Your instructions.
Keep every character as it is and output all of the records.

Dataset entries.
lemma m_Ck_supermodular:
  assumes "finite C"
  shows "supermodular N (m_Ck C k)"
  unfolding supermodular_def
proof (intro allI impI)
  fix U V :: "'a set"
  have fin: "finite (U \<inter> C)" "finite (V \<inter> C)" using assms by auto
  have Un: "(U \<union> V) \<inter> C = (U \<inter> C) \<union> (V \<inter> C)"
    and Int: "(U \<inter> V) \<inter> C = (U \<inter> C) \<inter> (V \<inter> C)" by auto
  have "card (U \<inter> C) + card (V \<inter> C) = card ((U \<union> V) \<inter> C) + card ((U \<inter> V) \<inter> C)"
    unfolding Un Int using card_Un_Int[OF fin] by simp
  moreover have "card ((U \<inter> V) \<inter> C) \<le> card (U \<inter> C)" "card ((U \<inter> V) \<inter> C) \<le> card (V \<inter> C)"
    unfolding Int using fin by (auto intro: card_mono)
  ultimately show "m_Ck C k U + m_Ck C k V \<le> m_Ck C k (U \<union> V) + m_Ck C k (U \<inter> V)"
    unfolding m_Ck_def by (intro hinge_supermodular_ineq) (simp_all flip: of_nat_add)
qed

section \<open>Functions vanishing below a threshold and modular above it\<close>

locale threshold_modular =
  fixes C :: "'a set" and k :: nat and g :: "'a set \<Rightarrow> real"
  assumes finite_C: "finite C"
    and k_pos: "1 \<le> k"
    and vanishing: "\<And>T. T \<subseteq> C \<Longrightarrow> card T \<le> k \<Longrightarrow> g T = 0"
    and modular: "\<And>T a b. T \<subseteq> C \<Longrightarrow> k \<le> card T \<Longrightarrow> a \<in> C - T \<Longrightarrow> b \<in> C - T \<Longrightarrow> a \<noteq> b
      \<Longrightarrow> g (insert a (insert b T)) + g T = g (insert a T) + g (insert b T)"
begin

lemma obj_of_Un_eq:
  assumes "T \<subseteq> C" "k \<le> card T" "E \<subseteq> C" "a \<in> C - (T \<union> E)"
  shows "obj_of g (a, T \<union> E) = obj_of g (a, T)"
proof -
  have "finite E" using assms(3) finite_C finite_subset by blast
  then show ?thesis using assms(3,4)
  proof (induction E rule: finite_induct)
    case (insert x E)
    show ?case
    proof (cases "x \<in> T \<union> E")
      case True
      then show ?thesis using insert by (simp add: insert_absorb)
    next
      case False
      have TE: "T \<union> E \<subseteq> C" using insert assms(1) by auto
      have "card T \<le> card (T \<union> E)"
        using TE finite_C by (intro card_mono) (auto intro: finite_subset)
      then have "g (insert a (insert x (T \<union> E))) + g (T \<union> E)
          = g (insert a (T \<union> E)) + g (insert x (T \<union> E))"
        using modular[OF TE] assms(2) insert False by auto
      then show ?thesis using insert by (simp add: obj_of_def insert_commute)
    qed
  qed simp
qed
lemma (in ring) nil_clean_if_GWNC_lifts:
  assumes "ring S" "GWNC S" "h \<in> ring_hom S R" "g \<in> ring_hom S R"
    and lift: "\<And>x. x \<in> carrier R \<Longrightarrow> \<exists>A \<in> carrier S - Units S. h A = x \<and> g A = \<ominus> x"
  shows "nil_clean R"
  unfolding nil_clean_def
proof
  interpret h: ring_hom_ring S R h by (intro ring_hom_ringI2 assms ring_axioms)
  interpret g: ring_hom_ring S R g by (intro ring_hom_ringI2 assms ring_axioms)
  fix x assume x: "x \<in> carrier R"
  then obtain A where "A \<in> carrier S - Units S" "h A = x" "g A = \<ominus> x"
    using lift by blast
  then obtain q e where q: "q \<in> carrier S" "nilpotent_el S q" and e: "e \<in> carrier S" "idempotent_el S e"
    and decomp: "A = q \<oplus>\<^bsub>S\<^esub> e \<or> A = q \<ominus>\<^bsub>S\<^esub> e"
    using \<open>GWNC S\<close> unfolding GWNC_def by blast
  from decomp consider "x = h e \<oplus> h q" | "x = g e \<oplus> \<ominus> g q"
  proof
    assume "A = q \<oplus>\<^bsub>S\<^esub> e"
    then show ?thesis
      using that \<open>h A = x\<close> q e by (simp add: a_comm)
  next
    assume "A = q \<ominus>\<^bsub>S\<^esub> e"
    then have "x = \<ominus> (g q \<oplus> \<ominus> g e)"
      using \<open>g A = \<ominus> x\<close> q e x by (simp add: a_minus_def)
    then show ?thesis
      using that q e by (simp add: minus_add a_comm)
  qed
  then show "\<exists>e\<in>carrier R. \<exists>q\<in>carrier R. idempotent_el R e \<and> nilpotent_el R q \<and> x = e \<oplus> q"
  proof cases
    case 1
    with q e show ?thesis
      by (intro bexI[of _ "h e"] bexI[of _ "h q"]) (auto intro: h.hom_idempotent_el h.hom_nilpotent_el)
  next
    case 2
    with q e show ?thesis
      by (intro bexI[of _ "g e"] bexI[of _ "\<ominus> g q"])
        (auto intro: g.hom_idempotent_el g.hom_nilpotent_el nilpotent_el_a_inv)
  qed
qed

lemma class_ring_simps [simp]:
  "carrier (class_ring :: 'a::ring_1 ring) = UNIV"
  "mult (class_ring :: 'a ring) = (*)"
  "one (class_ring :: 'a ring) = 1"
  "zero (class_ring :: 'a ring) = 0"
  "add (class_ring :: 'a ring) = (+)"
  by (simp_all add: class_ring_def)

lemma ring_class_ring: "ring (class_ring :: 'a::ring_1 ring)"
  by (unfold_locales) (auto simp: Units_def algebra_simps intro: exI[of _ "- _"])

lemma class_ring_nat_pow [simp]: "x [^]\<^bsub>class_ring\<^esub> (k::nat) = (x::'a::ring_1) ^ k"
  by (induct k) (simp_all add: power_Suc2 del: power_Suc)

lemma class_ring_a_inv [simp]: "\<ominus>\<^bsub>class_ring\<^esub> x = - (x::'a::ring_1)"
  using abelian_group.minus_equality[OF ring.is_abelian_group[OF ring_class_ring], of "- x" x] by simp

lemma power_eq_zero_mono: "x ^ k = 0 \<Longrightarrow> k \<le> m \<Longrightarrow> (x::'a::semiring_1) ^ m = 0"
  by (metis le_add_diff_inverse mult_zero_left power_add)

Solution to this problem.
lemma m_Ck_supermodular:
  assumes "finite C"
  shows "supermodular N (m_Ck C k)"
  unfolding supermodular_def
proof (intro allI impI)
  fix U V :: "'a set"
  have fin: "finite (U \<inter> C)" "finite (V \<inter> C)" using assms by auto
  have Un: "(U \<union> V) \<inter> C = (U \<inter> C) \<union> (V \<inter> C)"
    and Int: "(U \<inter> V) \<inter> C = (U \<inter> C) \<inter> (V \<inter> C)" by auto
  have "card (U \<inter> C) + card (V \<inter> C) = card ((U \<union> V) \<inter> C) + card ((U \<inter> V) \<inter> C)"
    unfolding Un Int using card_Un_Int[OF fin] by simp
  moreover have "card ((U \<inter> V) \<inter> C) \<le> card (U \<inter> C)" "card ((U \<inter> V) \<inter> C) \<le> card (V \<inter> C)"
    unfolding Int using fin by (auto intro: card_mono)
  ultimately show "m_Ck C k U + m_Ck C k V \<le> m_Ck C k (U \<union> V) + m_Ck C k (U \<inter> V)"
    unfolding m_Ck_def by (intro hinge_supermodular_ineq) (simp_all flip: of_nat_add)
qed

section \<open>Functions vanishing below a threshold and modular above it\<close>

locale threshold_modular =
  fixes C :: "'a set" and k :: nat and g :: "'a set \<Rightarrow> real"
  assumes finite_C: "finite C"
    and k_pos: "1 \<le> k"
    and vanishing: "\<And>T. T \<subseteq> C \<Longrightarrow> card T \<le> k \<Longrightarrow> g T = 0"
    and modular: "\<And>T a b. T \<subseteq> C \<Longrightarrow> k \<le> card T \<Longrightarrow> a \<in> C - T \<Longrightarrow> b \<in> C - T \<Longrightarrow> a \<noteq> b
      \<Longrightarrow> g (insert a (insert b T)) + g T = g (insert a T) + g (insert b T)"
begin

lemma obj_of_Un_eq:
  assumes "T \<subseteq> C" "k \<le> card T" "E \<subseteq> C" "a \<in> C - (T \<union> E)"
  shows "obj_of g (a, T \<union> E) = obj_of g (a, T)"
proof -
  have "finite E" using assms(3) finite_C finite_subset by blast
  then show ?thesis using assms(3,4)
  proof (induction E rule: finite_induct)
    case (insert x E)
    show ?case
    proof (cases "x \<in> T \<union> E")
      case True
      then show ?thesis using insert by (simp add: insert_absorb)
    next
      case False
      have TE: "T \<union> E \<subseteq> C" using insert assms(1) by auto
      have "card T \<le> card (T \<union> E)"
        using TE finite_C by (intro card_mono) (auto intro: finite_subset)
      then have "g (insert a (insert x (T \<union> E))) + g (T \<union> E)
          = g (insert a (T \<union> E)) + g (insert x (T \<union> E))"
        using modular[OF TE] assms(2) insert False by auto
      then show ?thesis using insert by (simp add: obj_of_def insert_commute)
    qed
  qed simp
qed
lemma (in ring) nil_clean_if_GWNC_lifts:
  assumes "ring S" "GWNC S" "h \<in> ring_hom S R" "g \<in> ring_hom S R"
    and lift: "\<And>x. x \<in> carrier R \<Longrightarrow> \<exists>A \<in> carrier S - Units S. h A = x \<and> g A = \<ominus> x"
  shows "nil_clean R"
  unfolding nil_clean_def
proof
  interpret h: ring_hom_ring S R h by (intro ring_hom_ringI2 assms ring_axioms)
  interpret g: ring_hom_ring S R g by (intro ring_hom_ringI2 assms ring_axioms)
  fix x assume x: "x \<in> carrier R"
  then obtain A where "A \<in> carrier S - Units S" "h A = x" "g A = \<ominus> x"
    using lift by blast
  then obtain q e where q: "q \<in> carrier S" "nilpotent_el S q" and e: "e \<in> carrier S" "idempotent_el S e"
    and decomp: "A = q \<oplus>\<^bsub>S\<^esub> e \<or> A = q \<ominus>\<^bsub>S\<^esub> e"
    using \<open>GWNC S\<close> unfolding GWNC_def by blast
  from decomp consider "x = h e \<oplus> h q" | "x = g e \<oplus> \<ominus> g q"
  proof
    assume "A = q \<oplus>\<^bsub>S\<^esub> e"
    then show ?thesis
      using that \<open>h A = x\<close> q e by (simp add: a_comm)
  next
    assume "A = q \<ominus>\<^bsub>S\<^esub> e"
    then have "x = \<ominus> (g q \<oplus> \<ominus> g e)"
      using \<open>g A = \<ominus> x\<close> q e x by (simp add: a_minus_def)
    then show ?thesis
      using that q e by (simp add: minus_add a_comm)
  qed
  then show "\<exists>e\<in>carrier R. \<exists>q\<in>carrier R. idempotent_el R e \<and> nilpotent_el R q \<and> x = e \<oplus> q"
  proof cases
    case 1
    with q e show ?thesis
      by (intro bexI[of _ "h e"] bexI[of _ "h q"]) (auto intro: h.hom_idempotent_el h.hom_nilpotent_el)
  next
    case 2
    with q e show ?thesis
      by (intro bexI[of _ "g e"] bexI[of _ "\<ominus> g q"])
        (auto intro: g.hom_idempotent_el g.hom_nilpotent_el nilpotent_el_a_inv)
  qed
qed

lemma class_ring_simps [simp]:
  "carrier (class_ring :: 'a::ring_1 ring) = UNIV"
  "mult (class_ring :: 'a ring) = (*)"
  "one (class_ring :: 'a ring) = 1"
  "zero (class_ring :: 'a ring) = 0"
  "add (class_ring :: 'a ring) = (+)"
  by (simp_all add: class_ring_def)

lemma ring_class_ring: "ring (class_ring :: 'a::ring_1 ring)"
  by (unfold_locales) (auto simp: Units_def algebra_simps intro: exI[of _ "- _"])

lemma class_ring_nat_pow [simp]: "x [^]\<^bsub>class_ring\<^esub> (k::nat) = (x::'a::ring_1) ^ k"
  by (induct k) (simp_all add: power_Suc2 del: power_Suc)

lemma class_ring_a_inv [simp]: "\<ominus>\<^bsub>class_ring\<^esub> x = - (x::'a::ring_1)"
  using abelian_group.minus_equality[OF ring.is_abelian_group[OF ring_class_ring], of "- x" x] by simp

lemma power_eq_zero_mono: "x ^ k = 0 \<Longrightarrow> k \<le> m \<Longrightarrow> (x::'a::semiring_1) ^ m = 0"
  by (metis le_add_diff_inverse mult_zero_left power_add)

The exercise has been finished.